4.4. Boundary Bargaining Between Adjacent Neighbors
Although each plot has eight potential adjacent neighbors, boundary bargaining is only conducted with the neighbors in the same rows and columns, having no boundary overlap between them. That is, no bargaining occurs between the neighbors on the diagonals and not in the same rows or columns. As a result, a plot has the potential to share the same area with neighbors on the diagonals, which means that the total plot area may exceed the total image area. For plots with layouts in straight rows and columns, this problem is negligible. However, for other plot layouts, this problem could be severe.
4.5. Limitations
Currently, GRID only provides two options, either 0 or 90 degrees, when choosing rows or columns as the major axis of the field plot layout. When rows are chosen as the major axis, the columns are defined as the minor axis, and vice versa. In contrast, the minor axis can be optimized or adjusted to any angle degree that matches the layout. This approach works for images with either rows or columns that align with either the vertical or horizontal direction of the image. For images that do not have such properties, users can crop the images to satisfy the requirement. In such cases, the area of interest will be partially removed if near image edges, especially if near the corners.

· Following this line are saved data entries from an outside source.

lemma sym_assoc_scheme_entry:
  assumes "sym_assoc_scheme d A"
  obtains j where "j \<le> d" "A j $ x $ y = 1" "\<And>k. k \<le> d \<Longrightarrow> k \<noteq> j \<Longrightarrow> A k $ x $ y = 0"
proof -
  define S where "S = {k \<in> {..d}. A k $ x $ y = 1}"
  have zero_one: "A k $ x $ y \<in> {0, 1}" if "k \<le> d" for k
    using assms that unfolding sym_assoc_scheme_def by blast
  have "(\<Sum>k\<le>d. A k) $ x $ y = 1"
    using assms by (simp add: sym_assoc_scheme_def all_ones_def)
  moreover have "(\<Sum>k\<le>d. A k) $ x $ y = (\<Sum>k\<le>d. if A k $ x $ y = 1 then 1 else 0)"
    unfolding sum_component using zero_one by (intro sum.cong) auto
  moreover have "\<dots> = (\<Sum>k\<in>S. 1)"
    unfolding S_def by (simp add: sum.If_cases Int_def atMost_def conj_commute)
  ultimately have "card S = 1"
    by simp
  then obtain j where S: "S = {j}"
    using card_1_singletonE by blast
  show thesis
  proof
    show "j \<le> d" "A j $ x $ y = 1"
      using S unfolding S_def by auto
    show "A k $ x $ y = 0" if "k \<le> d" "k \<noteq> j" for k
      using zero_one[OF that(1)] S that unfolding S_def by auto
  qed
qed

lemma combination_index:
  assumes "sym_assoc_scheme d A" "j \<le> d" "A j $ x $ y = 1"
  shows "(\<Sum>k\<le>d. scale_cmat (w k) (A k)) $ x $ y = w j"
proof -
  obtain j' where "j' \<le> d" "A j' $ x $ y = 1" and others: "\<And>k. k \<le> d \<Longrightarrow> k \<noteq> j' \<Longrightarrow> A k $ x $ y = 0"
    using sym_assoc_scheme_entry[OF assms(1)] by blast
  then have "j' = j"
    using assms(2,3) by fastforce
  then have "(\<Sum>k\<le>d. scale_cmat (w k) (A k)) $ x $ y = (\<Sum>k\<le>d. if k = j then w k else 0)"
    unfolding sum_component using others assms(3) by (intro sum.cong) auto
  then show ?thesis
    using assms(2) by simp
qed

GRID assumes the first three channels are the visible channels (RGB) and uses their average to control shade and noise. Thus, this assumption is invalidated for some multispectral images that capture other wavelengths. This assumption can also cause problems for calculating vegetation indices. GRID does not allow users the flexibility to define the channels and derive the vegetation indices accordingly. Users must arrange the channels based on the assumption of GRID. Otherwise, the adjustments on shade and noise should be conducted with caution. The output of vegetation indices should be interpreted accordingly or calculated from the values of channels.

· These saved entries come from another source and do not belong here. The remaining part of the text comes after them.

(* Let $n\ge1$ and let $\delta$ be a dependent variable of $\mathsf{Q}$. Let $\mathcal T$ consist of the two formulas $(\delta,1)\leftrightarrow(\phi_1,1)\land\dots\land(\phi_n,1)$ and $(\delta,0)\leftrightarrow(\phi_1,0)\land\dots\land(\phi_n,0)$. Then every evaluation satisfying $\mathcal T$ has $\delta^+=\{(1,\dots,1)\}$ and $\delta^-=\{(0,\dots,0)\}$; for such an evaluation, $\delta$ holds at each world $w=(c_1,\dots,c_n)\in W$ to the degree $\frac1n(c_1+\dots+c_n)$; consequently, for all $c_1,\dots,c_n\in[0,1]$, $\mathcal T$ entails $(\phi_1,c_1)\land\dots\land(\phi_n,c_n)\to\big(\delta,\tfrac{c_1+\dots+c_n}{n}\big)$.
   Context: The logic $\mathsf{Q}$: fix $n\ge1$, basic variables $\phi_1,\dots,\phi_n$ and countably many dependent variables $\alpha_1,\alpha_2,\dots$. A graded variable is a pair $(\alpha,c)$ with $\alpha$ a variable and $c\in[0,1]$. Formulas are built from graded variables by classical $\land,\lor,\lnot$; $\Phi\to\Psi$ abbreviates $\lnot\Phi\lor\Psi$ and $\leftrightarrow$ is the usual biconditional. The set of worlds is $W=[0,1]^n$ with metric $d((c_1,\dots,c_n),(d_1,\dots,d_n))=\sum_i|c_i-d_i|$, and $d(w,A)=\inf_{a\in A}d(w,a)$ for $A\subseteq W$. An evaluation assigns to each variable $\alpha$ a pair $(\alpha^+,\alpha^-)$ of disjoint nonempty closed subsets of $W$, with $\phi_i^+=\{(a_1,\dots,a_n):a_i=1\}$ and $\phi_i^-=\{(a_1,\dots,a_n):a_i=0\}$ for each basic variable. At $w\in W$, $\alpha$ holds to the degree $\frac{d(w,\alpha^-)}{d(w,\alpha^+)+d(w,\alpha^-)}$. Each formula $\Phi$ is assigned $[\Phi]\subseteq W$: $[(\alpha,c)]$ is the set of worlds at which $\alpha$ holds to degree $c$, and $\land,\lor,\lnot$ are interpreted by $\cap,\cup$, complement in $W$. An evaluation satisfies $\Phi$ iff $[\Phi]=W$. A theory is a set of formulas; it is correct if some evaluation satisfies all its elements, and a correct theory $\mathcal T$ entails $\Phi$ if every evaluation satisfying all elements of $\mathcal T$ satisfies $\Phi$. *)

theory Defs
  imports Complex_Main
begin

text \<open>The logic Q with n basic variables. Worlds of W = [0,1]^n are represented as
functions nat \<Rightarrow> real vanishing outside {..<n}; coordinate i (0-based) is c_(i+1).\<close>

datatype qvar = Basic nat | Dep nat
  (* Basic i = phi_(i+1), meaningful for i < n;  Dep k = alpha_(k+1) *)

datatype qform = GV qvar real | Neg qform | Conj qform qform | Disj qform qform

definition qimp :: "qform \<Rightarrow> qform \<Rightarrow> qform" where
  "qimp A B = Disj (Neg A) B"

definition qiff :: "qform \<Rightarrow> qform \<Rightarrow> qform" where
  "qiff A B = Conj (qimp A B) (qimp B A)"

fun bigconj :: "qform list \<Rightarrow> qform" where
  "bigconj [] = Disj (GV (Dep 0) 0) (Neg (GV (Dep 0) 0))"
| "bigconj [x] = x"
| "bigconj (x # y # xs) = Conj x (bigconj (y # xs))"

definition worlds :: "nat \<Rightarrow> (nat \<Rightarrow> real) set" where
  "worlds n = {w. (\<forall>i<n. 0 \<le> w i \<and> w i \<le> 1) \<and> (\<forall>i\<ge>n. w i = 0)}"

definition qdist :: "nat \<Rightarrow> (nat \<Rightarrow> real) \<Rightarrow> (nat \<Rightarrow> real) \<Rightarrow> real" where
  "qdist n w v = (\<Sum>i<n. \<bar>w i - v i\<bar>)"

definition qsetdist :: "nat \<Rightarrow> (nat \<Rightarrow> real) \<Rightarrow> (nat \<Rightarrow> real) set \<Rightarrow> real" where
  "qsetdist n w A = Inf (qdist n w ` A)"

definition qclosed :: "nat \<Rightarrow> (nat \<Rightarrow> real) set \<Rightarrow> bool" where
  "qclosed n A \<longleftrightarrow> A \<subseteq> worlds n \<and> (\<forall>w\<in>worlds n. qsetdist n w A = 0 \<longrightarrow> w \<in> A)"

definition good_pair :: "nat \<Rightarrow> (nat \<Rightarrow> real) set \<times> (nat \<Rightarrow> real) set \<Rightarrow> bool" where
  "good_pair n p \<longleftrightarrow> fst p \<inter> snd p = {} \<and> fst p \<noteq> {} \<and> snd p \<noteq> {}
     \<and> qclosed n (fst p) \<and> qclosed n (snd p)"

definition is_eval :: "nat \<Rightarrow> (qvar \<Rightarrow> (nat \<Rightarrow> real) set \<times> (nat \<Rightarrow> real) set) \<Rightarrow> bool" where
  "is_eval n e \<longleftrightarrow> (\<forall>k. good_pair n (e (Dep k)))
     \<and> (\<forall>i<n. e (Basic i) = ({w \<in> worlds n. w i = 1}, {w \<in> worlds n. w i = 0}))"

definition degree :: "nat \<Rightarrow> (qvar \<Rightarrow> (nat \<Rightarrow> real) set \<times> (nat \<Rightarrow> real) set) \<Rightarrow> qvar \<Rightarrow> (nat \<Rightarrow> real) \<Rightarrow> real" where
  "degree n e a w = qsetdist n w (snd (e a)) / (qsetdist n w (fst (e a)) + qsetdist n w (snd (e a)))"

fun qsem :: "nat \<Rightarrow> (qvar \<Rightarrow> (nat \<Rightarrow> real) set \<times> (nat \<Rightarrow> real) set) \<Rightarrow> qform \<Rightarrow> (nat \<Rightarrow> real) set" where
  "qsem n e (GV a c) = {w \<in> worlds n. degree n e a w = c}"
| "qsem n e (Neg A) = worlds n - qsem n e A"
| "qsem n e (Conj A B) = qsem n e A \<inter> qsem n e B"
| "qsem n e (Disj A B) = qsem n e A \<union> qsem n e B"

definition satisfies :: "nat \<Rightarrow> (qvar \<Rightarrow> (nat \<Rightarrow> real) set \<times> (nat \<Rightarrow> real) set) \<Rightarrow> qform \<Rightarrow> bool" where
  "satisfies n e A \<longleftrightarrow> qsem n e A = worlds n"

definition correct :: "nat \<Rightarrow> qform set \<Rightarrow> bool" where
  "correct n T \<longleftrightarrow> (\<exists>e. is_eval n e \<and> (\<forall>A\<in>T. satisfies n e A))"

definition entails :: "nat \<Rightarrow> qform set \<Rightarrow> qform \<Rightarrow> bool" where
  "entails n T A \<longleftrightarrow> correct n T \<and>
     (\<forall>e. is_eval n e \<and> (\<forall>B\<in>T. satisfies n e B) \<longrightarrow> satisfies n e A)"

definition Tdelta :: "nat \<Rightarrow> qvar \<Rightarrow> qform set" where
  "Tdelta n d = {qiff (GV d 1) (bigconj (map (\<lambda>i. GV (Basic i) 1) [0..<n])),
                 qiff (GV d 0) (bigconj (map (\<lambda>i. GV (Basic i) 0) [0..<n]))}"

end

theory Submission
  imports Defs
begin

Certain situations make it difficult for GRID to select POI or to segment. One situation that affects the selection of POI is a field filled with weeds that look very similar to the crop of interest. In many cases, weeds are distinguishable from crops so that weeds can be assigned to a cluster different from crops. Consequently, weeds are considered as background and will not affect layout detection and boundary determination. However, if weeds are nearly identical to the vegetation of interest for all channels, including RGB and other multispectral channels, GRID is unable to accurately select POI. Another situation that affects the segmentation is a field that contains a significant number of missing plots or a field layout of plots that is barely visible to human eyes. In these cases, GRID will have problems detecting the layouts automatically. Users must manually conduct the segmentation by defining the number of rows and columns.
GRID uses a pixel as the unit in its outputs, including the area of vegetation. Results from different images are comparable only if they have the same resolution. To compare images with different resolutions, users have to set reference objects in each image and transform the original GRID outputs accordingly.